Por ti, pelo teu ódio à Liberdade
à Razão e à verdade,
a tudo o que é viril, humano e moço,
a fome e o luto apagaram os lares
e os homens agonizam aos milhares
no exílio, no hospital, no calabouço.

Por ti raivoso abutre
cujo apetite sôfrego se nutre
de lágrimas, de gritos, de aflições
gemem nas aspas da tortura
ou baixam em segredo à sepultura
os mártires que atiras às prisões.

A este claro povo, herói dos povos,
que deu ao Mundo mundos novos,
mais estrelas ao céu, mais luz ao dia;
a este livre e luminoso Apolo
atas as mãos, os pés e o colo,
e encerras numa lôbrega enxovia.

Falas do céu, como um doutor no templo
mas tu encarnação e vivo exemplo
da hipocrisia vil dos fariseus,
pelos sagrados laços que desunes,
pelos teus crimes, até hoje impunes
roubas ao mesmo crente a fé em Deus.

Passas…e mirra a erva nos caminhos,
as aves, com terror, fogem aos ninhos,
e ao ver-te o vulto gélido e felino,
mulheres e mães, lembrando os lastimosos
casos de irmãos, de filhos ou de esposos,
bradam crispadas as mãos: Assassino!
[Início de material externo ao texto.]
(* Let $f_{\bm{\theta}}:\mathbb{R}^d\to\mathbb{R}$ be a neural network with parameters $\bm{\theta}\in\mathbb{R}^n$, let $\bm{\theta}_0$ be fixed, and let $\bm{\Theta}(\bm{x},\bm{x}')=\langle\nabla_{\bm{\theta}}f_{\bm{\theta}_0}(\bm{x}),\nabla_{\bm{\theta}}f_{\bm{\theta}_0}(\bm{x}')\rangle$ be its empirical neural tangent kernel at $\bm{\theta}_0$. Let $\bm{u}\in\mathbb{S}^{d-1}$ be a unit vector parameterizing the linear predictor $g_{\bm{u}}(\bm{x})=\bm{u}^\top\bm{x}$, and let $\bm{x}\sim\mathcal{N}(\bm{0},\bm{I})$. Then the alignment of $g_{\bm{u}}$ with $\bm{\Theta}$, defined as $\alpha(g_{\bm{u}})=\mathbb{E}_{\bm{x},\bm{x}'}\left[g_{\bm{u}}(\bm{x})\bm{\Theta}(\bm{x},\bm{x}')g_{\bm{u}}(\bm{x}')\right]$ with $\bm{x},\bm{x}'$ independent $\mathcal{N}(\bm{0},\bm{I})$, is given by $$\alpha(g_{\bm{u}})=\left\|\mathbb{E}_{\bm{x}}\left[\nabla^2_{\bm{x},\bm{\theta}}f_{\bm{\theta}_0}(\bm{x})\right]\bm{u}\right\|_2^2,$$ where $\nabla^2_{\bm{x},\bm{\theta}}f_{\bm{\theta}_0}(\bm{x})\in\mathbb{R}^{n\times d}$ denotes the matrix of mixed second derivatives of $f_{\bm{\theta}}(\bm{x})$ with respect to the weights $\bm{\theta}$ and the input $\bm{x}$, evaluated at $\bm{\theta}_0$.
   Context: $\nabla_{\bm{\theta}}f_{\bm{\theta}_0}(\bm{x})\in\mathbb{R}^n$ is the gradient of the network output with respect to its parameters at $\bm{\theta}_0$; the network is implicitly assumed regular enough that these derivatives and expectations exist. *)

theory Defs
  imports "HOL-Probability.Probability"
begin

definition std_gauss :: "(real ^ 'd::finite) measure" where
  "std_gauss = density lborel (\<lambda>x. \<Prod>j\<in>UNIV. ennreal (std_normal_density (x $ j)))"

text \<open>Empirical NTK at theta0, built from the parameter gradient G x.\<close>
definition ntk :: "(real ^ 'd::finite \<Rightarrow> real ^ 'n::finite) \<Rightarrow> real ^ 'd \<Rightarrow> real ^ 'd \<Rightarrow> real" where
  "ntk G x x' = G x \<bullet> G x'"

definition alignment :: "(real ^ 'd::finite \<Rightarrow> real ^ 'd \<Rightarrow> real) \<Rightarrow> (real ^ 'd \<Rightarrow> real) \<Rightarrow> real" where
  "alignment K g = (\<integral>p. g (fst p) * K (fst p) (snd p) * g (snd p) \<partial>(std_gauss \<Otimes>\<^sub>M std_gauss))"

end

theory Submission
  imports Defs "HOL-Real_Asymp.Real_Asymp"
begin

text \<open>Since \<open>x\<close> and \<open>x'\<close> are independent, the alignment factorises as
  \<open>\<parallel>E[(u \<bullet> x) G x]\<parallel>\<^sup>2\<close>, and Gaussian integration by parts (Stein's lemma) gives
  \<open>E[(u \<bullet> x) G x] = E[\<partial>\<^sub>u G x] = E[H x] u\<close>.
  Stein's lemma in direction \<open>u\<close> reduces to the one-dimensional identity
  \<open>\<integral>(t - \<mu>) \<phi>\<^sub>\<mu> g = \<integral>\<phi>\<^sub>\<mu> g'\<close> by disintegrating Lebesgue measure along the lines \<open>y + \<real> u\<close>,
  on each of which the Gaussian density is a multiple of a normal density in the line parameter.
  The one-dimensional identity is Fubini's theorem applied to \<open>(t - \<mu>) \<phi>\<^sub>\<mu> t = - \<phi>\<^sub>\<mu>' t\<close>,
  which needs no integrability of \<open>(t - \<mu>) \<phi>\<^sub>\<mu> g\<close> in advance.\<close>

section \<open>Stein's identity for normal distributions on the real line\<close>

lemma normal_density_unit_variance:
  "normal_density \<mu> 1 t = exp (- (t - \<mu>)\<^sup>2 / 2) / sqrt (2 * pi)"
  by (simp add: normal_density_def)

lemma DERIV_normal_density_unit_variance:
  "(normal_density \<mu> 1 has_real_derivative - (t - \<mu>) * normal_density \<mu> 1 t) (at t)"
proof -
  have "((\<lambda>t. exp (- (t - \<mu>)\<^sup>2 / 2) / sqrt (2 * pi)) has_real_derivative
      exp (- (t - \<mu>)\<^sup>2 / 2) * (- (t - \<mu>)) / sqrt (2 * pi)) (at t)"
    by (intro DERIV_cdivide) (auto intro!: derivative_eq_intros simp: field_simps)
  then show ?thesis
    unfolding normal_density_unit_variance[abs_def] by (simp only: mult.commute times_divide_eq_right)
qed

lemma normal_density_unit_variance_tendsto_0: "(normal_density \<mu> 1 \<longlongrightarrow> 0) at_top"
  unfolding normal_density_unit_variance[abs_def] by real_asymp

lemma normal_density_uminus: "normal_density \<mu> \<sigma> (- x) = normal_density (- \<mu>) \<sigma> x"
  by (simp add: normal_density_def power2_eq_square algebra_simps)

lemma has_bochner_integral_normal_upper_tail:
  assumes "\<mu> \<le> t"
  shows "has_bochner_integral lborel
    (\<lambda>s. indicator {t..} s * ((s - \<mu>) * normal_density \<mu> 1 s)) (normal_density \<mu> 1 t)"
proof (rule has_bochner_integral_nn_integral)
  have "(\<integral>\<^sup>+s. ennreal (indicator {t..} s * ((s - \<mu>) * normal_density \<mu> 1 s)) \<partial>lborel)
      = (\<integral>\<^sup>+s. ennreal ((s - \<mu>) * normal_density \<mu> 1 s) * indicator {t..} s \<partial>lborel)"
    by (intro nn_integral_cong) (simp add: indicator_def)
  also have "\<dots> = 0 - (- normal_density \<mu> 1 t)"
  proof (rule nn_integral_FTC_atLeast)
    show "((\<lambda>s. - normal_density \<mu> 1 s) has_real_derivative (s - \<mu>) * normal_density \<mu> 1 s) (at s)"
      for s using DERIV_minus[OF DERIV_normal_density_unit_variance] by (simp add: algebra_simps)
    show "((\<lambda>s. - normal_density \<mu> 1 s) \<longlongrightarrow> 0) at_top"
      using tendsto_minus[OF normal_density_unit_variance_tendsto_0] by simp
  qed (use assms in auto)
  finally show "(\<integral>\<^sup>+s. ennreal (indicator {t..} s * ((s - \<mu>) * normal_density \<mu> 1 s)) \<partial>lborel)
      = ennreal (normal_density \<mu> 1 t)"
    by simp
qed (use assms in \<open>auto simp: indicator_def\<close>)

lemma lborel_integral_deriv_atLeastAtMost:
  fixes g g' :: "real \<Rightarrow> real"
  assumes "\<And>t. (g has_real_derivative g' t) (at t)" and "a \<le> b"
    and "integrable lborel (\<lambda>t. indicator {a..b} t * g' t)"
  shows "(\<integral>t. indicator {a..b} t * g' t \<partial>lborel) = g b - g a"
proof -
  have "(g' has_integral (g b - g a)) {a..b}"
    using assms(1,2) by (intro fundamental_theorem_of_calculus)
      (auto simp: has_real_derivative_iff_has_vector_derivative[symmetric] intro: DERIV_subset)
  moreover have "set_integrable lborel {a..b} g'"
    using assms(3) by (simp add: set_integrable_def)
  ultimately have "(LINT t:{a..b}|lborel. g' t) = g b - g a"
    by (simp add: set_borel_integral_eq_integral(2) integral_unique)
  then show ?thesis
    by (simp add: set_lebesgue_integral_def)
qed

lemma lborel_integral_uminus:
  fixes f :: "real \<Rightarrow> real"
  shows "(\<integral>x. f (- x) \<partial>lborel) = integral\<^sup>L lborel f"
  using lborel_integral_real_affine[of "-1" f 0] by simp

lemma lborel_integrable_uminus_iff:
  fixes f :: "real \<Rightarrow> real"
  shows "integrable lborel (\<lambda>x. f (- x)) \<longleftrightarrow> integrable lborel f"
  using lborel_integrable_real_affine_iff[of "-1" f 0] by simp

text \<open>Integrating out \<open>s\<close> turns the kernel into \<open>\<phi>\<^sub>\<mu> h\<close> on \<open>[\<mu>, \<infinity>)\<close>, because
  \<open>(s - \<mu>) \<phi>\<^sub>\<mu> s = - \<phi>\<^sub>\<mu>' s\<close>; integrating out \<open>t\<close> instead gives \<open>(s - \<mu>) \<phi>\<^sub>\<mu> s \<integral>\<^sub>\<mu>\<^sup>s h\<close>.\<close>
definition normal_stein_kernel :: "real \<Rightarrow> (real \<Rightarrow> real) \<Rightarrow> real \<Rightarrow> real \<Rightarrow> real" where
  "normal_stein_kernel \<mu> h t s =
    h t * (indicator {\<mu>..} t * indicator {t..} s * ((s - \<mu>) * normal_density \<mu> 1 s))"

lemma abs_normal_stein_kernel:
  "\<bar>normal_stein_kernel \<mu> h t s\<bar> = normal_stein_kernel \<mu> (\<lambda>t. \<bar>h t\<bar>) t s"
  by (simp add: normal_stein_kernel_def indicator_def abs_mult)

lemma borel_measurable_normal_stein_kernel [measurable]:
  assumes [measurable]: "h \<in> borel_measurable borel"
  shows "case_prod (normal_stein_kernel \<mu> h) \<in> borel_measurable (lborel \<Otimes>\<^sub>M lborel)"
  unfolding normal_stein_kernel_def indicator_def atLeast_iff by measurable

lemma has_bochner_integral_normal_stein_kernel_in_s:
  "has_bochner_integral lborel (normal_stein_kernel \<mu> h t) (indicator {\<mu>..} t * (normal_density \<mu> 1 t * h t))"
proof (cases "\<mu> \<le> t")
  case True
  then show ?thesis
    using has_bochner_integral_mult_left[OF has_bochner_integral_normal_upper_tail[OF True], of "h t"]
    by (simp add: normal_stein_kernel_def[abs_def] mult_ac)
qed (simp add: normal_stein_kernel_def[abs_def] has_bochner_integral_zero)

lemma integrable_normal_stein_kernel:
  assumes [measurable]: "h \<in> borel_measurable borel"
    and int: "integrable lborel (\<lambda>t. normal_density \<mu> 1 t * h t)"
  shows "integrable (lborel \<Otimes>\<^sub>M lborel) (case_prod (normal_stein_kernel \<mu> h))"
proof (rule lborel_pair.Fubini_integrable)
  have abs_int: "integrable lborel (\<lambda>t. normal_density \<mu> 1 t * \<bar>h t\<bar>)"
    using integrable_abs[OF int] by (simp add: abs_mult)
  have "integrable lborel (\<lambda>t. indicator {\<mu>..} t * (normal_density \<mu> 1 t * \<bar>h t\<bar>))"
    using integrable_mult_indicator[OF _ abs_int, of "{\<mu>..}"] by simp
  then show "integrable lborel (\<lambda>t. \<integral>s. norm (case_prod (normal_stein_kernel \<mu> h) (t, s)) \<partial>lborel)"
    using has_bochner_integral_normal_stein_kernel_in_s[of \<mu> "\<lambda>t. \<bar>h t\<bar>"]
    by (simp add: abs_normal_stein_kernel has_bochner_integral_iff)
  show "AE t in lborel. integrable lborel (\<lambda>s. case_prod (normal_stein_kernel \<mu> h) (t, s))"
    using has_bochner_integral_normal_stein_kernel_in_s[of \<mu> h] by (simp add: has_bochner_integral_iff)
qed measurable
Assassino!
Passas… e até os velhos, cujos anos
têm costumado a monstros e tiranos
dizem, com a boca cheia de ira e asco:
-Sobre esta Pátria mísera que oprimes,
jamais alguém foi réu de tantos crimes.
vai-te! Basta de vítimas!. Carrasco!

Passas… e ergue-se, vai de vale a cerro
dos hospitais, do fundo das masmorras
às inóspitas plagas do desterro,
um coro de ais, de imprecações, de morras.

São multidões que rugem num só brado:
– Maldita a hora em que tu foste nado!
-Que se malogre tudo quanto almejas;
-Conturbem-se os teus dias de aflição,
neguem-te as fontes água, a terra pão
e as estrelas luz -Maldito sejas.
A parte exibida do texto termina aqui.